PROBLEM REQUIREMENTS: Wherever a line of the listing holds the string "thesis", copy that line.

========================================

lemma sum_Pow_card:
  fixes g :: "nat \<Rightarrow> 'a::comm_semiring_1"
  assumes "finite A"
  shows "(\<Sum>T\<in>Pow A. g (card T)) = (\<Sum>s\<le>card A. of_nat (card A choose s) * g s)"
proof -
  have "(\<Sum>T\<in>Pow A. g (card T)) = (\<Sum>s\<le>card A. \<Sum>T\<in>{T. T \<in> Pow A \<and> card T = s}. g (card T))"
    by (rule sum.group[symmetric]) (use assms in \<open>auto intro: card_mono\<close>)
  also have "\<dots> = (\<Sum>s\<le>card A. of_nat (card A choose s) * g s)"
    using n_subsets[OF assms] by (intro sum.cong refl) simp
  finally show ?thesis .
qed

lemma sum_binomial_Suc:
  fixes g :: "nat \<Rightarrow> 'a::comm_semiring_1"
  shows "(\<Sum>s\<le>Suc m. of_nat (Suc m choose s) * g s) =
           (\<Sum>s\<le>m. of_nat (m choose s) * g s) + (\<Sum>s\<le>m. of_nat (m choose s) * g (Suc s))"
proof -
  have shift: "(\<Sum>s\<le>Suc m. of_nat (m' choose s) * g s) =
                 g 0 + (\<Sum>s\<le>m. of_nat (m' choose Suc s) * g (Suc s))" for m'
    by (simp add: sum.atMost_Suc_shift del: sum.atMost_Suc)
  have "(\<Sum>s\<le>Suc m. of_nat (m choose s) * g s) = (\<Sum>s\<le>m. of_nat (m choose s) * g s)"
    by (simp add: binomial_eq_0)
  then show ?thesis
    using shift[of "Suc m"] shift[of m]
    by (simp add: sum.distrib algebra_simps del: sum.atMost_Suc)
qed
lemma rat_cong_zero_binomial_harmonic_sum:
  assumes "odd p" "r < p" "even (r * n)"
  shows "rat_cong_zero p
    (\<Sum>k=0..p-1-r. of_nat ((k + r) choose r) ^ n * (harmonic k ^ m - harmonic (k + r) ^ m))"
proof (rule rat_cong_zero_sum_antisymmetric[OF assms(1)])
  fix k assume k: "k \<le> p - 1 - r"
  define c :: "nat \<Rightarrow> rat" where "c k = of_nat ((k + r) choose r)" for k
  define d :: "nat \<Rightarrow> rat" where "d k = harmonic k ^ m - harmonic (k + r) ^ m" for k
  have index: "p - 1 - r - k + r = p - 1 - k" "p - 1 - (k + r) = p - 1 - r - k" "k + r < p"
    using k assms(2) by auto
  have "rat_cong p (c (p - 1 - r - k)) ((-1) ^ r * c k)"
    unfolding c_def index(1) using index(3) assms(2) by (intro rat_cong_binomial_reflect) auto
  then have "rat_cong p (c (p - 1 - r - k) ^ n) (((-1) ^ r * c k) ^ n)"
    using p_integral_of_nat p_integral_of_int[of "(-1) ^ r * int ((k + r) choose r)"]
    unfolding c_def by (intro rat_cong_power) auto
  moreover have "((-1) ^ r * c k) ^ n = c k ^ n"
    using assms(3) by (simp add: power_mult_distrib power_mult[symmetric])
  ultimately have coeff: "rat_cong p (c (p - 1 - r - k) ^ n) (c k ^ n)"
    by simp
  have "rat_cong p (harmonic (p - 1 - r - k)) (harmonic (k + r))"
    "rat_cong p (harmonic (p - 1 - r - k + r)) (harmonic k)"
    using rat_cong_harmonic_reflect[OF assms(1), of "k + r"] rat_cong_harmonic_reflect[OF assms(1), of k]
      index by auto
  then have "rat_cong p (d (p - 1 - r - k)) (- d k)"
    unfolding d_def minus_diff_eq using index(3)
    by (intro rat_cong_diff rat_cong_power p_integral_harmonic) auto
  then have "rat_cong p (c (p - 1 - r - k) ^ n * d (p - 1 - r - k)) (c k ^ n * - d k)"
    using coeff index(3) unfolding d_def c_def
    by (intro rat_cong_mult p_integral_power p_integral_of_nat p_integral_minus p_integral_diff
        p_integral_harmonic) auto
  then show "rat_cong p (c (p - 1 - r - k) ^ n * d (p - 1 - r - k)) (- (c k ^ n * d k))"
    by simp
qed
(* Let $d\ge3$ and let $X,Y\in M_d(\mathbb{C})$ be diagonal matrices such that the pair $(X,Y)$ is generic. Then the matrix $H(X,Y)$ is positive definite, where $H(X,Y)$ is the hermitian matrix of order $2d^2$ given by $H=H_1-\tfrac12(H_2+H_3)+\tfrac14H_4$ with $$H_1=\begin{bmatrix}\|X\|^2&\operatorname{tr}(X^\dagger Y)\\ \operatorname{tr}(Y^\dagger X)&\|Y\|^2\end{bmatrix}\otimes I_{d^2},\qquad H_2=\begin{bmatrix}X^\dagger X&X^\dagger Y\\ Y^\dagger X&Y^\dagger Y\end{bmatrix}\otimes I_d,$$ $$H_3=\begin{bmatrix}I_d\otimes X^*X^T&I_d\otimes X^*Y^T\\ I_d\otimes Y^*X^T&I_d\otimes Y^*Y^T\end{bmatrix},\qquad H_4=\begin{bmatrix}\tilde X^*\tilde X^T&\tilde X^*\tilde Y^T\\ \tilde Y^*\tilde X^T&\tilde Y^*\tilde Y^T\end{bmatrix}.$$
   Context: A pair $(X,Y)$ of matrices in $M_d(\mathbb{C})$ is generic if $X$ and $Y$ are linearly independent and some linear combination of $X$ and $Y$ is nonsingular. $Z^*$ is the entrywise complex conjugate, $Z^T$ the transpose, $Z^\dagger$ the conjugate transpose, $\|Z\|^2=\operatorname{tr}(Z^\dagger Z)$, $I_m$ the identity matrix of order $m$, and $A\otimes B=[a_{ij}B]$ for $A=[a_{ij}]$. For a matrix $Z$, $\tilde Z$ is the column vector obtained by stacking the columns of $Z$ one below the other, starting with the first. *)

theory Defs
  imports "Jordan_Normal_Form.Determinant"
begin

definition adj_mat :: "complex mat \<Rightarrow> complex mat" where
  "adj_mat Z = transpose_mat (map_mat cnj Z)"

definition conj_mat :: "complex mat \<Rightarrow> complex mat" where
  "conj_mat Z = map_mat cnj Z"

definition mtrace :: "complex mat \<Rightarrow> complex" where
  "mtrace A = (\<Sum>i<dim_row A. A $$ (i,i))"

definition fro_norm_sq :: "complex mat \<Rightarrow> complex" where
  "fro_norm_sq Z = mtrace (adj_mat Z * Z)"

definition kron :: "complex mat \<Rightarrow> complex mat \<Rightarrow> complex mat" where
  "kron A B = mat (dim_row A * dim_row B) (dim_col A * dim_col B)
     (\<lambda>(i,j). A $$ (i div dim_row B, j div dim_col B) * B $$ (i mod dim_row B, j mod dim_col B))"

(* \<tilde>Z : stack the columns of Z, starting with the first, as a column vector (matrix with one column) *)
definition vec_stack :: "complex mat \<Rightarrow> complex mat" where
  "vec_stack Z = mat (dim_row Z * dim_col Z) 1 (\<lambda>(k,_). Z $$ (k mod dim_row Z, k div dim_row Z))"

definition generic_pair :: "nat \<Rightarrow> complex mat \<Rightarrow> complex mat \<Rightarrow> bool" where
  "generic_pair d X Y \<longleftrightarrow>
     (\<forall>a b. a \<cdot>\<^sub>m X + b \<cdot>\<^sub>m Y = 0\<^sub>m d d \<longrightarrow> a = 0 \<and> b = 0) \<and>
     (\<exists>a b. det (a \<cdot>\<^sub>m X + b \<cdot>\<^sub>m Y) \<noteq> 0)"

definition H1 :: "nat \<Rightarrow> complex mat \<Rightarrow> complex mat \<Rightarrow> complex mat" where
  "H1 d X Y = kron (mat_of_rows_list 2
      [[fro_norm_sq X, mtrace (adj_mat X * Y)],
       [mtrace (adj_mat Y * X), fro_norm_sq Y]]) (1\<^sub>m (d^2))"

definition H2 :: "nat \<Rightarrow> complex mat \<Rightarrow> complex mat \<Rightarrow> complex mat" where
  "H2 d X Y = kron (four_block_mat (adj_mat X * X) (adj_mat X * Y)
                                   (adj_mat Y * X) (adj_mat Y * Y)) (1\<^sub>m d)"

definition H3 :: "nat \<Rightarrow> complex mat \<Rightarrow> complex mat \<Rightarrow> complex mat" where
  "H3 d X Y = four_block_mat
      (kron (1\<^sub>m d) (conj_mat X * transpose_mat X)) (kron (1\<^sub>m d) (conj_mat X * transpose_mat Y))
      (kron (1\<^sub>m d) (conj_mat Y * transpose_mat X)) (kron (1\<^sub>m d) (conj_mat Y * transpose_mat Y))"

definition H4 :: "complex mat \<Rightarrow> complex mat \<Rightarrow> complex mat" where
  "H4 X Y = four_block_mat
      (conj_mat (vec_stack X) * transpose_mat (vec_stack X)) (conj_mat (vec_stack X) * transpose_mat (vec_stack Y))
      (conj_mat (vec_stack Y) * transpose_mat (vec_stack X)) (conj_mat (vec_stack Y) * transpose_mat (vec_stack Y))"

definition Hmat :: "nat \<Rightarrow> complex mat \<Rightarrow> complex mat \<Rightarrow> complex mat" where
  "Hmat d X Y = H1 d X Y - (1/2) \<cdot>\<^sub>m (H2 d X Y + H3 d X Y) + (1/4) \<cdot>\<^sub>m H4 X Y"

definition pos_def_mat :: "nat \<Rightarrow> complex mat \<Rightarrow> bool" where
  "pos_def_mat n H \<longleftrightarrow> H \<in> carrier_mat n n \<and> adj_mat H = H \<and>
     (\<forall>v \<in> carrier_vec n. v \<noteq> 0\<^sub>v n \<longrightarrow> Re (conjugate v \<bullet> (H *\<^sub>v v)) > 0)"

end

theory Submission
  imports Defs
begin

text \<open>
  Split v = (u, w) into two vectors indexed by k < d^2 and let z_k be the diagonal of u_k X + w_k Y.
  For diagonal X and Y the blocks H_1, H_2, H_3 only couple u_k with w_k, and H_4 has rank one, so
  v^\<dagger> H v = \<Sum>_k (|z_k|^2 - (|z_k(k div d)|^2 + |z_k(k mod d)|^2) / 2) + |\<Sum>_p z_(pd+p)(p)|^2 / 4,
  a sum of nonnegative terms. Suppose it vanishes for v \<noteq> 0. Linear independence of X and Y makes
  some z_k nonzero, which forces k = pd + p with z_k concentrated at p. The vanishing of the last
  term then produces a second such index with p' \<noteq> p. The two coefficient pairs are independent,
  yet both annihilate (X_rr, Y_rr) for any third index r (this is where d \<ge> 3 enters); hence
  X_rr = Y_rr = 0 and every combination aX + bY is singular, contradicting genericity.
\<close>

lemma sum_lessThan_double:
  fixes f :: "nat \<Rightarrow> 'a::comm_monoid_add"
  shows "(\<Sum>i<2*n. f i) = (\<Sum>k<n. f k) + (\<Sum>k<n. f (n + k))"
proof -
  have "(\<Sum>i<2*n. f i) = sum f {0..<n} + sum f {0+n..<n+n}"
    by (simp add: lessThan_atLeast0 sum.atLeastLessThan_concat mult_2)
  also have "sum f {0+n..<n+n} = (\<Sum>k<n. f (n + k))"
    by (subst sum.shift_bounds_nat_ivl) (simp add: lessThan_atLeast0 add.commute)
  finally show ?thesis by (simp add: lessThan_atLeast0)
qed

lemma sum_nonneg_add_le_0:
  fixes f :: "'a \<Rightarrow> real"
  assumes "finite A" "\<And>k. k \<in> A \<Longrightarrow> f k \<ge> 0" "e \<ge> 0" "\<not> 0 < sum f A + e"
  shows "(\<forall>k\<in>A. f k = 0) \<and> e = 0"
proof -
  have "sum f A \<ge> 0" using assms(2) by (rule sum_nonneg)
  with assms(3,4) have "sum f A = 0" "e = 0" by linarith+
  with assms(1,2) show ?thesis by (simp add: sum_nonneg_eq_0_iff)
qed

lemma sum_eq_0_imp_other_nonzero:
  fixes t :: "'a \<Rightarrow> 'b::comm_monoid_add"
  assumes "finite A" "sum t A = 0" "a \<in> A" "t a \<noteq> 0"
  obtains b where "b \<in> A" "b \<noteq> a" "t b \<noteq> 0"
proof -
  have "sum t A = t a + sum t (A - {a})"
    using assms(1,3) by (simp add: sum.remove)
  with assms(2,4) have "sum t (A - {a}) \<noteq> 0" by (metis add.comm_neutral)
  then obtain b where "b \<in> A - {a}" "t b \<noteq> 0"
    by (rule sum.not_neutral_contains_not_neutral)
  with that show ?thesis by blast
qed

lemma nonzero_vec_double:
  assumes "v \<in> carrier_vec (2 * n)" "v \<noteq> 0\<^sub>v (2 * n)"
  obtains k where "k < n" "v $ k \<noteq> 0 \<or> v $ (n + k) \<noteq> 0"
proof -
  obtain i where i: "i < 2 * n" "v $ i \<noteq> 0"
    using assms by (auto simp: vec_eq_iff)
  show ?thesis
  proof (cases "i < n")
    case True
    with i that show ?thesis by blast
  next
    case False
    with i that[of "i - n"] show ?thesis by auto
  qed
qed

lemma cnj_mult_self: "cnj w * w = of_real ((cmod w)\<^sup>2)"
  using complex_norm_square[of w] by (simp add: mult.commute)

definition qform :: "nat \<Rightarrow> (nat \<Rightarrow> nat \<Rightarrow> complex) \<Rightarrow> (nat \<Rightarrow> complex) \<Rightarrow> complex" where
  "qform N h v = (\<Sum>i<N. cnj (v i) * (\<Sum>j<N. h i j * v j))"

lemma conjugate_scalar_prod_mult_mat_vec:
  assumes "A \<in> carrier_mat N N" "v \<in> carrier_vec N"
  shows "conjugate v \<bullet> (A *\<^sub>v v) = qform N (\<lambda>i j. A $$ (i,j)) (\<lambda>i. v $ i)"
  using assms unfolding qform_def scalar_prod_def
  by (auto simp: lessThan_atLeast0 scalar_prod_def intro!: sum.cong)

lemma qform_cong:
  "(\<And>i j. i < N \<Longrightarrow> j < N \<Longrightarrow> h i j = h' i j) \<Longrightarrow> qform N h v = qform N h' v"
  unfolding qform_def by (intro sum.cong refl arg_cong2[where f = times]) auto

lemma qform_add: "qform N (\<lambda>i j. h i j + h' i j) v = qform N h v + qform N h' v"
  unfolding qform_def by (simp add: distrib_left distrib_right sum.distrib)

========================================

EXPECTED ANSWER:
  finally show ?thesis .
  then show ?thesis
  finally show ?thesis by (simp add: lessThan_atLeast0)
  with assms(1,2) show ?thesis by (simp add: sum_nonneg_eq_0_iff)
  with that show ?thesis by blast
  show ?thesis
    with i that show ?thesis by blast
    with i that[of "i - n"] show ?thesis by auto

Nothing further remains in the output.